*** Opening of Supplied entries ***

(* Let $a,b\in\mathbb{Q}_3$ with $\gamma(a)=\gamma(b)=0$ and $a_0=1$. Then $x=\sum_{k\ge0}x_k3^k\in\mathbb{Z}_3^*$ is a solution of $x^3+ax=b$ if and only if the congruences $$x_0^3+a_0x_0\equiv b_0 \pmod 3,$$ $$x_1a_0+x_0a_1+N_1(x_0)+M_1(x_0)\equiv b_1\pmod 3,$$ $$x_ka_0+x_{k-1}a_1+\dots+x_0a_k+x_0^2x_{k-1}+N_k(x_0,\dots,x_{k-1})+M_k(x_0,\dots,x_{k-1})\equiv b_k\pmod 3,\quad k\ge2,$$ are fulfilled, where the integers $M_k(x_0,\dots,x_{k-1})$ are defined successively by $$x_0^3+a_0x_0=b_0+3M_1(x_0),$$ $$x_1a_0+x_0a_1+N_1(x_0)=b_1-M_1(x_0)+3M_2(x_0,x_1),$$ $$x_{k-1}a_0+x_{k-2}a_1+\dots+x_0a_{k-1}+x_0^2x_{k-2}+N_{k-1}(x_0,\dots,x_{k-2})=b_{k-1}-M_{k-1}(x_0,\dots,x_{k-2})+3M_k(x_0,\dots,x_{k-1}),\quad k\ge3.$$
   Context: Every nonzero $3$-adic number has a unique canonical form; write $a=3^{\gamma(a)}(a_0+a_13+a_23^2+\dots)$, $b=3^{\gamma(b)}(b_0+b_13+b_23^2+\dots)$ with digits $a_j,b_j\in\{0,1,2\}$, $a_0,b_0\ne0$, and $\gamma(a),\gamma(b)\in\mathbb{Z}$ the valuations. $\mathbb{Z}_3^*$ is the set of $3$-adic units; an element $x\in\mathbb{Z}_3^*$ is written $x=x_0+x_13+x_23^2+\dots$ with $x_j\in\{0,1,2\}$, $x_0\neq0$. For $k\ge1$, $$N_k(x_0,\dots,x_{k-1})=\sum \frac{3!}{m_0!m_1!\cdots m_{k-1}!}x_0^{m_0}x_1^{m_1}\cdots x_{k-1}^{m_{k-1}},$$ the sum over nonnegative integers $m_0,\dots,m_{k-1}$ with $\sum_{i=0}^{k-1}m_i=3$ and $\sum_{i=1}^{k-1}im_i=k$; in particular $N_1=0$. (These satisfy $(\sum_i x_i3^i)^3=x_0^3+\sum_{k\ge1}(3x_0^2x_k+N_k)3^k$.) *)

theory Defs
  imports "HOL-Number_Theory.Cong"
begin

text \<open>A 3-adic number of valuation 0 (resp. a 3-adic unit) is represented by its canonical
digit sequence d :: nat => int with d j in {0,1,2} and d 0 \<noteq> 0.\<close>

definition digits3 :: "(nat \<Rightarrow> int) \<Rightarrow> bool" where
  "digits3 d \<longleftrightarrow> (\<forall>j. d j \<in> {0,1,2})"

definition unit_digits3 :: "(nat \<Rightarrow> int) \<Rightarrow> bool" where
  "unit_digits3 d \<longleftrightarrow> digits3 d \<and> d 0 \<noteq> 0"

text \<open>Truncation d_0 + d_1 3 + ... + d_{n-1} 3^{n-1}: the image in Z/3^n Z.\<close>
definition trunc3 :: "(nat \<Rightarrow> int) \<Rightarrow> nat \<Rightarrow> int" where
  "trunc3 d n = (\<Sum>i<n. d i * 3 ^ i)"

text \<open>x^3 + a x = b holds in Z_3 = lim Z/3^n Z, i.e. modulo 3^n for every n.\<close>
definition cubic_solution3 :: "(nat \<Rightarrow> int) \<Rightarrow> (nat \<Rightarrow> int) \<Rightarrow> (nat \<Rightarrow> int) \<Rightarrow> bool" where
  "cubic_solution3 a b x \<longleftrightarrow>
     (\<forall>n. [trunc3 x n ^ 3 + trunc3 a n * trunc3 x n = trunc3 b n] (mod 3 ^ n))"

definition Nset :: "nat \<Rightarrow> (nat \<Rightarrow> nat) set" where
  "Nset k = {m. (\<forall>i\<ge>k. m i = 0) \<and> (\<Sum>i<k. m i) = 3 \<and> (\<Sum>i<k. i * m i) = k}"

definition Ncoef :: "nat \<Rightarrow> (nat \<Rightarrow> int) \<Rightarrow> int" where
  "Ncoef k x = (\<Sum>m\<in>Nset k.
      (fact 3 div (\<Prod>i<k. fact (m i))) * (\<Prod>i<k. x i ^ m i))"

definition Lterm :: "(nat \<Rightarrow> int) \<Rightarrow> (nat \<Rightarrow> int) \<Rightarrow> nat \<Rightarrow> int" where
  "Lterm a x k = (\<Sum>i\<le>k. x (k - i) * a i)
       + (if k \<ge> 2 then x 0 ^ 2 * x (k - 1) else 0) + Ncoef k x"

text \<open>The integers M_k, defined successively (k \<ge> 1):
  x_0^3 + a_0 x_0 = b_0 + 3 M_1,
  Lterm_{k} + M_k = b_k + 3 M_{k+1}.
 The divisions are exact whenever the preceding congruences hold.\<close>
fun Mseq :: "(nat \<Rightarrow> int) \<Rightarrow> (nat \<Rightarrow> int) \<Rightarrow> (nat \<Rightarrow> int) \<Rightarrow> nat \<Rightarrow> int" where
  "Mseq a b x 0 = 0"
| "Mseq a b x (Suc 0) = (x 0 ^ 3 + a 0 * x 0 - b 0) div 3"
| "Mseq a b x (Suc (Suc k)) =
     (Lterm a x (Suc k) + Mseq a b x (Suc k) - b (Suc k)) div 3"

end

theory Submission
  imports Defs "HOL-Combinatorics.Multiset_Permutations"
begin

text \<open>Expanding \<open>x\<^sup>3 + a x\<close> as a Cauchy product, the coefficient of \<open>3\<^sup>k\<close> (\<open>k \<ge> 1\<close>) is
  \<open>x\<^sub>k a\<^sub>0 + \<dots> + x\<^sub>0 a\<^sub>k + N\<^sub>k + 3 x\<^sub>0\<^sup>2 x\<^sub>k\<close> by the multinomial theorem. Moving the multiple of 3
  one place up gives the coefficients \<open>c\<^sub>k\<close> on the left of the congruences, so modulo every
  \<open>3\<^sup>n\<close> the left side of the equation agrees with \<open>\<Sum> c\<^sub>k 3\<^sup>k\<close>. That series equals \<open>b\<close> in
  \<open>\<int>\<^sub>3\<close> exactly when long addition with the carries \<open>M\<^sub>k\<close> produces the digits of \<open>b\<close>, i.e.
  when \<open>c\<^sub>k + M\<^sub>k \<equiv> b\<^sub>k (mod 3)\<close> for all \<open>k\<close>. No hypothesis on the digits is needed.\<close>

definition cauchy_prod :: "(nat \<Rightarrow> int) \<Rightarrow> (nat \<Rightarrow> int) \<Rightarrow> nat \<Rightarrow> int" where
  "cauchy_prod f g k = (\<Sum>i\<le>k. f i * g (k - i))"

lemma trunc3_0 [simp]: "trunc3 f 0 = 0"
  by (simp add: trunc3_def)

lemma trunc3_Suc: "trunc3 f (Suc n) = trunc3 f n + f n * 3 ^ n"
  by (simp add: trunc3_def)

lemma trunc3_mult_cong: "[trunc3 f n * trunc3 g n = trunc3 (cauchy_prod f g) n] (mod 3 ^ n)"
proof -
  let ?h = "\<lambda>i j. f i * g j * 3 ^ (i + j)"
  let ?A = "{..<n} \<times> {..<n}"
  let ?P = "{(i,j). i + j < n}"
  have "trunc3 f n * trunc3 g n = (\<Sum>(i,j)\<in>?A. ?h i j)"
    unfolding trunc3_def sum_product sum.cartesian_product by (simp add: power_add mult_ac)
  also have "\<dots> = (\<Sum>(i,j)\<in>?A - ?P. ?h i j) + (\<Sum>(i,j)\<in>?P. ?h i j)"
    by (rule sum.subset_diff) auto
  also have "(\<Sum>(i,j)\<in>?P. ?h i j) = trunc3 (cauchy_prod f g) n"
    unfolding sum.triangle_reindex trunc3_def cauchy_prod_def sum_distrib_right
    by (intro sum.cong refl) auto
  finally have split: "trunc3 f n * trunc3 g n - trunc3 (cauchy_prod f g) n
      = (\<Sum>(i,j)\<in>?A - ?P. ?h i j)" by simp
  have "(3::int) ^ n dvd (\<Sum>(i,j)\<in>?A - ?P. ?h i j)"
  proof (rule dvd_sum)
    fix p assume "p \<in> ?A - ?P"
    then obtain i j where p: "p = (i,j)" "n \<le> i + j" by auto
    then have "(3::int) ^ n dvd 3 ^ (i + j)" by (intro le_imp_power_dvd)
    then show "(3::int) ^ n dvd (case p of (i,j) \<Rightarrow> ?h i j)" using p by simp
  qed
  then show ?thesis unfolding cong_iff_dvd_diff split .
qed

lemma sum_mset_eq_sum_count:
  fixes f :: "'a \<Rightarrow> 'b::comm_semiring_1"
  assumes "finite A" "set_mset M \<subseteq> A"
  shows "(\<Sum>x\<in>#M. f x) = (\<Sum>i\<in>A. of_nat (count M i) * f i)"
  using assms(2)
proof (induction M)
  case (add a M)
  have "(\<Sum>i\<in>A. of_nat (count (add_mset a M) i) * f i)
      = (\<Sum>i\<in>A. of_nat (count M i) * f i + (if i = a then f a else 0))"
    by (intro sum.cong) (auto simp: algebra_simps)
  then show ?case using add assms(1) by (simp add: sum.distrib add.commute)
qed simp

lemma prod_mset_eq_prod_count:
  fixes f :: "'a \<Rightarrow> 'b::comm_monoid_mult"
  assumes "finite A" "set_mset M \<subseteq> A"
  shows "(\<Prod>x\<in>#M. f x) = (\<Prod>i\<in>A. f i ^ count M i)"
  unfolding image_prod_mset_multiplicity
  by (rule prod.mono_neutral_left) (use assms in \<open>auto simp: not_in_iff\<close>)

lemma sum_prod_list_by_mset:
  fixes f :: "'a \<Rightarrow> 'b::comm_semiring_1"
  assumes "finite L" and perm_closed: "\<And>xs ys. xs \<in> L \<Longrightarrow> mset ys = mset xs \<Longrightarrow> ys \<in> L"
  shows "(\<Sum>xs\<in>L. prod_list (map f xs)) =
     (\<Sum>M\<in>mset ` L. of_nat (card (permutations_of_multiset M)) * (\<Prod>x\<in>#M. f x))"
proof -
  have "(\<Sum>xs\<in>L. prod_list (map f xs))
      = (\<Sum>M\<in>mset ` L. \<Sum>xs\<in>{xs \<in> L. mset xs = M}. prod_list (map f xs))"
    by (rule sum.image_gen[OF \<open>finite L\<close>])
  also have "\<dots> = (\<Sum>M\<in>mset ` L. of_nat (card (permutations_of_multiset M)) * (\<Prod>x\<in>#M. f x))"
  proof (rule sum.cong[OF refl])
    fix M assume "M \<in> mset ` L"
    then have "{xs \<in> L. mset xs = M} = permutations_of_multiset M"
      using perm_closed by (auto simp: permutations_of_multiset_def)
    moreover have "prod_list (map f xs) = (\<Prod>x\<in>#M. f x)" if "xs \<in> permutations_of_multiset M" for xs
      using that by (simp add: permutations_of_multiset_def flip: prod_mset_prod_list)
    ultimately show "(\<Sum>xs\<in>{xs \<in> L. mset xs = M}. prod_list (map f xs))
        = of_nat (card (permutations_of_multiset M)) * (\<Prod>x\<in>#M. f x)"
      by simp
  qed
  finally show ?thesis .
qed

text \<open>The index tuples of \<open>N\<^sub>k\<close>, as ordered triples; \<open>Nset k\<close> records their multiplicities.\<close>

definition proper_triples :: "nat \<Rightarrow> nat list set" where
  "proper_triples k = {xs. length xs = 3 \<and> sum_list xs = k \<and> set xs \<subseteq> {..<k}}"

lemma finite_proper_triples: "finite (proper_triples k)"
  by (rule finite_subset[OF _ finite_lists_length_eq[OF finite_lessThan, of k 3]])
     (auto simp: proper_triples_def)

lemma mset_proper_triples:
  "mset ` proper_triples k = {M. size M = 3 \<and> sum_mset M = k \<and> set_mset M \<subseteq> {..<k}}"
proof (intro equalityI subsetI)
  fix M assume M: "M \<in> {M. size M = 3 \<and> sum_mset M = k \<and> set_mset M \<subseteq> {..<k}}"
  obtain xs where xs: "mset xs = M" using ex_mset by blast
  with M have "xs \<in> proper_triples k"
    by (auto simp: proper_triples_def simp flip: sum_mset_sum_list)
  with xs show "M \<in> mset ` proper_triples k" by blast
qed (auto simp: proper_triples_def sum_mset_sum_list)

lemma count_in_Nset:
  assumes "size M = 3" "sum_mset M = k" "set_mset M \<subseteq> {..<k}"
  shows "count M \<in> Nset k"
proof -
  have "size M = (\<Sum>i<k. count M i)"
    using sum_mset_eq_sum_count[OF finite_lessThan assms(3), of "\<lambda>_. 1::nat"]
    by simp
  moreover have "sum_mset M = (\<Sum>i<k. i * count M i)"
    using sum_mset_eq_sum_count[OF finite_lessThan assms(3), of "\<lambda>i. i"] by (simp add: mult.commute)
  moreover have "\<forall>i\<ge>k. count M i = 0" using assms(3) by (auto simp: not_in_iff[symmetric])
  ultimately show ?thesis using assms by (simp add: Nset_def)
qed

*** Close of Supplied entries ***

▸ Goal of the exercise: Starting with the line that holds "b x (Suc 0)" and ending with the line that holds "unfolding trunc3_def sum_product", retype every line in the data above exactly, and nothing else.

▸ Written solution:
| "Mseq a b x (Suc 0) = (x 0 ^ 3 + a 0 * x 0 - b 0) div 3"
| "Mseq a b x (Suc (Suc k)) =
     (Lterm a x (Suc k) + Mseq a b x (Suc k) - b (Suc k)) div 3"

end

theory Submission
  imports Defs "HOL-Combinatorics.Multiset_Permutations"
begin

text \<open>Expanding \<open>x\<^sup>3 + a x\<close> as a Cauchy product, the coefficient of \<open>3\<^sup>k\<close> (\<open>k \<ge> 1\<close>) is
  \<open>x\<^sub>k a\<^sub>0 + \<dots> + x\<^sub>0 a\<^sub>k + N\<^sub>k + 3 x\<^sub>0\<^sup>2 x\<^sub>k\<close> by the multinomial theorem. Moving the multiple of 3
  one place up gives the coefficients \<open>c\<^sub>k\<close> on the left of the congruences, so modulo every
  \<open>3\<^sup>n\<close> the left side of the equation agrees with \<open>\<Sum> c\<^sub>k 3\<^sup>k\<close>. That series equals \<open>b\<close> in
  \<open>\<int>\<^sub>3\<close> exactly when long addition with the carries \<open>M\<^sub>k\<close> produces the digits of \<open>b\<close>, i.e.
  when \<open>c\<^sub>k + M\<^sub>k \<equiv> b\<^sub>k (mod 3)\<close> for all \<open>k\<close>. No hypothesis on the digits is needed.\<close>

definition cauchy_prod :: "(nat \<Rightarrow> int) \<Rightarrow> (nat \<Rightarrow> int) \<Rightarrow> nat \<Rightarrow> int" where
  "cauchy_prod f g k = (\<Sum>i\<le>k. f i * g (k - i))"

lemma trunc3_0 [simp]: "trunc3 f 0 = 0"
  by (simp add: trunc3_def)

lemma trunc3_Suc: "trunc3 f (Suc n) = trunc3 f n + f n * 3 ^ n"
  by (simp add: trunc3_def)

lemma trunc3_mult_cong: "[trunc3 f n * trunc3 g n = trunc3 (cauchy_prod f g) n] (mod 3 ^ n)"
proof -
  let ?h = "\<lambda>i j. f i * g j * 3 ^ (i + j)"
  let ?A = "{..<n} \<times> {..<n}"
  let ?P = "{(i,j). i + j < n}"
  have "trunc3 f n * trunc3 g n = (\<Sum>(i,j)\<in>?A. ?h i j)"
    unfolding trunc3_def sum_product sum.cartesian_product by (simp add: power_add mult_ac)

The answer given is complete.